* _YOUR OBJECTIVE_
Track down each line below containing the string "longleftrightarrow" and copy it.

Stored data:
------

(* Let $(\nu_d,\nu^\Box_d)_{d\in\mathbb N}$ be a sequence of pairs of Borel probability measures on $\mathbb R$ such that each $\nu_d$ has finite moments of all orders, each $\nu^\Box_d$ is compactly supported, $\lim_{d\to\infty}|m_k(\nu_d)-m_k(\nu^\Box_d)|=0$ for every $k\in\mathbb N$, and there is $M'>0$ with $\operatorname{supp}\nu^\Box_d\subset[-M',M']$ for all $d$. Then for every $\gamma>0$ and $M>0$, \[\lim_{d\to\infty}\sup_{\mu\in\mathcal B_M}\big|H_\gamma(\nu_d,\mu)-H_\gamma(\nu^\Box_d,\mu)\big|=0.\]
   Context: $m_k(\mu)=\int x^k\mu(dx)$. $\mathcal B_M$ is the set of Borel probability measures on $\mathbb R$ with support in $[-M,M]$. $P_\gamma(x)=\frac{\gamma}{\pi(x^2+\gamma^2)}$, $(P_\gamma*\nu)(x)=\int P_\gamma(x-t)\nu(dt)$, $G_\mu(z)=\int\frac{\mu(dt)}{z-t}$. For compactly supported $\mu$ and $\nu$ with finite second moment, $H_\gamma(\nu,\mu)=\int\ell_\gamma(x,\mu)(P_\gamma*\nu)(x)dx$ with $\ell_\gamma(x,\mu)=-\log[-\frac1\pi\operatorname{Im}G_\mu(x+i\gamma)]$. *)

theory Defs
  imports "HOL-Probability.Probability"
begin

definition moment :: "nat \<Rightarrow> real measure \<Rightarrow> real" where
  "moment k \<mu> = (\<integral>x. x ^ k \<partial>\<mu>)"

definition borel_prob :: "real measure \<Rightarrow> bool" where
  "borel_prob \<mu> \<longleftrightarrow> prob_space \<mu> \<and> sets \<mu> = sets borel"

definition supp_within :: "real measure \<Rightarrow> real \<Rightarrow> bool" where
  "supp_within \<mu> M \<longleftrightarrow> (AE x in \<mu>. x \<in> {-M..M})"

definition B :: "real \<Rightarrow> real measure set" where
  "B M = {\<mu>. borel_prob \<mu> \<and> supp_within \<mu> M}"

definition compactly_supported :: "real measure \<Rightarrow> bool" where
  "compactly_supported \<mu> \<longleftrightarrow> (\<exists>K. supp_within \<mu> K)"

definition Poisson :: "real \<Rightarrow> real \<Rightarrow> real" where
  "Poisson \<gamma> x = \<gamma> / (pi * (x\<^sup>2 + \<gamma>\<^sup>2))"

definition Poisson_conv :: "real \<Rightarrow> real measure \<Rightarrow> real \<Rightarrow> real" where
  "Poisson_conv \<gamma> \<nu> x = (\<integral>t. Poisson \<gamma> (x - t) \<partial>\<nu>)"

definition Stieltjes :: "real measure \<Rightarrow> complex \<Rightarrow> complex" where
  "Stieltjes \<mu> z = (\<integral>t. 1 / (z - complex_of_real t) \<partial>\<mu>)"

definition ell :: "real \<Rightarrow> real \<Rightarrow> real measure \<Rightarrow> real" where
  "ell \<gamma> x \<mu> = - ln (- (1 / pi) * Im (Stieltjes \<mu> (Complex x \<gamma>)))"

definition H :: "real \<Rightarrow> real measure \<Rightarrow> real measure \<Rightarrow> real" where
  "H \<gamma> \<nu> \<mu> = (\<integral>x. ell \<gamma> x \<mu> * Poisson_conv \<gamma> \<nu> x \<partial>lborel)"

end

theory Submission
  imports Defs
begin

text \<open>
  Since -(1/pi) Im G_mu(x + i gamma) is the Poisson integral (P_gamma * mu)(x), which for mu in
  B M lies between gamma / (pi ((|x| + M)^2 + gamma^2)) and 1 / (pi gamma), the loss satisfies
  |ell_gamma(x, mu)| <= c + 2 ln (1 + |x|) uniformly in mu. Hence the supremum is at most
  the integral of (c + 2 ln (1 + |x|)) |P_gamma * nu_d - P_gamma * nu'_d|, where nu'_d are the
  compactly supported measures. Poisson integrals decay like (1 + m_2) / (1 + x^2) and the second
  moments are bounded in d, so by dominated convergence it suffices that
  (P_gamma * nu_d)(x) - (P_gamma * nu'_d)(x) tends to 0 for each x. This holds for every bounded
  continuous integrand: approximate it by a polynomial on [-R, R] with R > M', where moment
  convergence applies, and bound the error outside [-R, R] by a multiple of (t / R)^(2j), whose
  nu_d-integral is eventually at most (M'^(2j) + 1) / R^(2j).
\<close>

section \<open>The Poisson kernel\<close>

lemma Poisson_pos: "\<gamma> > 0 \<Longrightarrow> 0 < Poisson \<gamma> y"
  unfolding Poisson_def by (simp add: add_nonneg_pos)

lemma Poisson_le:
  assumes "\<gamma> > 0"
  shows "Poisson \<gamma> y \<le> 1 / (pi * \<gamma>)"
proof -
  have "\<gamma> / (pi * (y\<^sup>2 + \<gamma>\<^sup>2)) \<le> \<gamma> / (pi * \<gamma>\<^sup>2)"
    using assms by (intro divide_left_mono mult_left_mono) (auto intro!: mult_pos_pos add_nonneg_pos)
  then show ?thesis
    using assms by (simp add: Poisson_def power2_eq_square)
qed

lemma Poisson_ge:
  assumes "\<gamma> > 0" "\<bar>y\<bar> \<le> r"
  shows "\<gamma> / (pi * (r\<^sup>2 + \<gamma>\<^sup>2)) \<le> Poisson \<gamma> y"
proof -
  have "\<bar>y\<bar>\<^sup>2 \<le> r\<^sup>2"
    using assms(2) by (intro power_mono) auto
  then show ?thesis
    unfolding Poisson_def using assms(1)
    by (intro divide_left_mono mult_left_mono) (auto intro!: mult_pos_pos add_nonneg_pos)
qed

lemma Poisson_shift_tail:
  assumes "\<gamma> > 0"
  shows "(1 + x\<^sup>2) * Poisson \<gamma> (x - t) \<le> (2 / (pi * \<gamma>) + 2 * \<gamma> / pi) * (1 + t\<^sup>2)"
proof -
  define u where "u = (x - t)\<^sup>2"
  define D where "D = u + \<gamma>\<^sup>2"
  have u: "u \<ge> 0" and g: "\<gamma>\<^sup>2 > 0"
    using assms by (auto simp: u_def)
  have D0: "D > 0"
    using u g unfolding D_def by linarith
  have D: "u / D \<le> 1" "(1 + 2 * t\<^sup>2) / D \<le> (1 + 2 * t\<^sup>2) / \<gamma>\<^sup>2"
    using u g D0 by (auto simp: D_def intro!: divide_left_mono)
  have "x\<^sup>2 \<le> 2 * u + 2 * t\<^sup>2"
    using zero_le_power2[of "x - 2 * t"] by (simp add: u_def power2_eq_square algebra_simps)
  then have "(1 + x\<^sup>2) * Poisson \<gamma> (x - t) \<le> \<gamma> * (1 + 2 * u + 2 * t\<^sup>2) / (pi * D)"
    using assms D0 by (simp add: Poisson_def u_def D_def divide_right_mono)
  also have "\<dots> = (\<gamma> / pi) * ((1 + 2 * t\<^sup>2) / D + 2 * (u / D))"
    using D0 by (simp add: field_simps)
  also have "\<dots> \<le> (\<gamma> / pi) * ((1 + 2 * t\<^sup>2) / \<gamma>\<^sup>2 + 2)"
    using assms D by (intro mult_left_mono add_mono) auto
  also have "\<dots> = (1 + 2 * t\<^sup>2) / (pi * \<gamma>) + 2 * \<gamma> / pi"
    using assms by (simp add: field_simps power2_eq_square)
  also have "\<dots> \<le> (2 / (pi * \<gamma>) + 2 * \<gamma> / pi) * (1 + t\<^sup>2)"
    using assms by (simp add: field_simps)
  finally show ?thesis .
qed

lemma Poisson_continuous_on: "\<gamma> > 0 \<Longrightarrow> continuous_on UNIV (Poisson \<gamma>)"
  unfolding Poisson_def by (intro continuous_intros) (simp add: add_nonneg_pos)

lemma Poisson_borel_measurable [measurable]: "Poisson \<gamma> \<in> borel_measurable borel"
  unfolding Poisson_def by measurable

------

* _EXPECTED OUTPUT_
  "borel_prob \<mu> \<longleftrightarrow> prob_space \<mu> \<and> sets \<mu> = sets borel"
  "supp_within \<mu> M \<longleftrightarrow> (AE x in \<mu>. x \<in> {-M..M})"
  "compactly_supported \<mu> \<longleftrightarrow> (\<exists>K. supp_within \<mu> K)"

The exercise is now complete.